# ICW in Texas



## kymbie (Jun 5, 2008)

We're going to be sailing a boat from Corpus Christi to Clear Lake in a few weeks and are currently debating on whether to take the ICW or sail out into the Gulf and along the coast. The ICW looks preferable having heard horror stories of abandoned wells and bits of oil rigs that are not marked, and don't have lights, out in this area of the Gulf.

I have read that the ICW is supposed to be maintained at a minimum of 8ft depth, is this actually the case? Our boat has a 6 1/2 ft draft so we are a little worried about risking the ICW, has anyone made this trip recently?

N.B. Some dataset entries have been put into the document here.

lemma summable_imp_prod_one_minus_bounded_below:
  fixes s :: "nat \<Rightarrow> real"
  assumes "summable s" "\<And>j. 0 \<le> s j \<and> s j \<le> 1"
  obtains n where "\<And>m. 1/2 \<le> (\<Prod>j\<in>{n..<m}. 1 - s j)"
proof -
  obtain n where "\<forall>n'\<ge>n. norm (\<Sum>j. s (j + n')) < 1/2"
    using suminf_exist_split[OF _ assms(1), of "1/2"] by auto
  then have n: "(\<Sum>j. s (j + n)) < 1/2" by auto
  have "1/2 \<le> (\<Prod>j\<in>{n..<m}. 1 - s j)" for m
  proof -
    have "(\<Sum>j\<in>{n..<m}. s j) = (\<Sum>j<m-n. s (j + n))"
      by (simp add: sum.atLeastLessThan_shift_0 atLeast0LessThan add.commute)
    also have "\<dots> \<le> (\<Sum>j. s (j + n))"
      using assms by (intro sum_le_suminf) (auto simp: summable_iff_shift)
    finally show ?thesis
      using n Weierstrass_prod_ineq[of "{n..<m}" s] assms(2) by fastforce
  qed
  then show ?thesis using that by blast
qed

lemma prod_one_minus_tendsto_0_iff_not_summable:
  fixes s :: "nat \<Rightarrow> real"
  assumes "\<And>j. 0 \<le> s j \<and> s j \<le> 1"
  shows "(\<forall>n. (\<lambda>m. \<Prod>j\<in>{n..<m}. 1 - s j) \<longlonglongrightarrow> 0) \<longleftrightarrow> \<not> summable s"
proof
  assume lim: "\<forall>n. (\<lambda>m. \<Prod>j\<in>{n..<m}. 1 - s j) \<longlonglongrightarrow> 0"
  show "\<not> summable s"
  proof
    assume "summable s"
    then obtain n where "\<And>m. 1/2 \<le> (\<Prod>j\<in>{n..<m}. 1 - s j)"
      using summable_imp_prod_one_minus_bounded_below assms by blast
    moreover have "(\<lambda>m. \<Prod>j\<in>{n..<m}. 1 - s j) \<longlonglongrightarrow> 0" using lim by blast
    ultimately have "1/2 \<le> (0::real)" by (intro LIMSEQ_le_const) auto
    then show False by simp
  qed
qed (use not_summable_imp_prod_one_minus_tendsto_0 assms in blast)

lemma tendsto_one_minus_iff: "((\<lambda>m. 1 - p m) \<longlongrightarrow> (1::real)) F \<longleftrightarrow> (p \<longlongrightarrow> 0) F"
  using tendsto_add_const_iff[of 1 "\<lambda>m. - p m" 0 F] tendsto_minus_cancel_left[of p 0 F] by simp

lemma anc_Suc_parent: "anc E w n (Suc d) j = anc E w n d (E (n + d) w j)"
  by (induction d arbitrary: n) auto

Any other advise regarding our options would be most welcome.

Thanks
Kym


----------



## TSOJOURNER (Dec 16, 1999)

Hi I sailed outside just recently. I didn't see any unmarked rigs until i got around louisiana. It is a nice sail and pretty basic You can always hug the coastline if you are scared of rigs they are not to thick in the firs couple of miles. The ditch kinda sucks, You should deffinetly sail


----------



## camaraderie (May 22, 2002)

No...the depths are NOT sufficient in the Gulf ICW to carry 6.5....wouldn't do my 6' in places. I would guess 5ft. can be carried on the Florida west cost section...MAYBE 5.5. But you can always come in and go out on planned day hops with no problems. Check you mast height vs. the bridges too as usually 6.5 draft means a tall pole too! 
Get a copy of Skipper Bob's guide and use his WEBSITE for shoaling updates etc. that have take place since last revision. 
Skipper Bob

EDITARDON ME...I mis--read the post and thought you were headed to FL west coast! My comments ONLY apply to that coast! Skipper Bob is good for all though!


----------



## PBzeer (Nov 11, 2002)

Most of the people I talked with while I was in Texas, prefer going outside. What you might want to consider, is going inside the first day, then finish outside, as that is the most congested part, with the most navigational hazards on the inside. Then it's about 6 hours up to Clear Lake.


----------



## retclt (Nov 7, 2006)

I'd sail outside for sure if the weather is good and you have enough crew for watches. It's actually kind of cool out there at night. You are always in sight of lit rigs. About 6 or 7 miles out is good. Most of the small stuff I've seen is within a mile of shore and closer to Galveston. I have personally never heard of anyone running into anything. If you do pop in to take the Ditch mid trip be very careful of the depth going in to and around the Port Oconner area. Stay centered and don't take short cuts across channel bends and corners.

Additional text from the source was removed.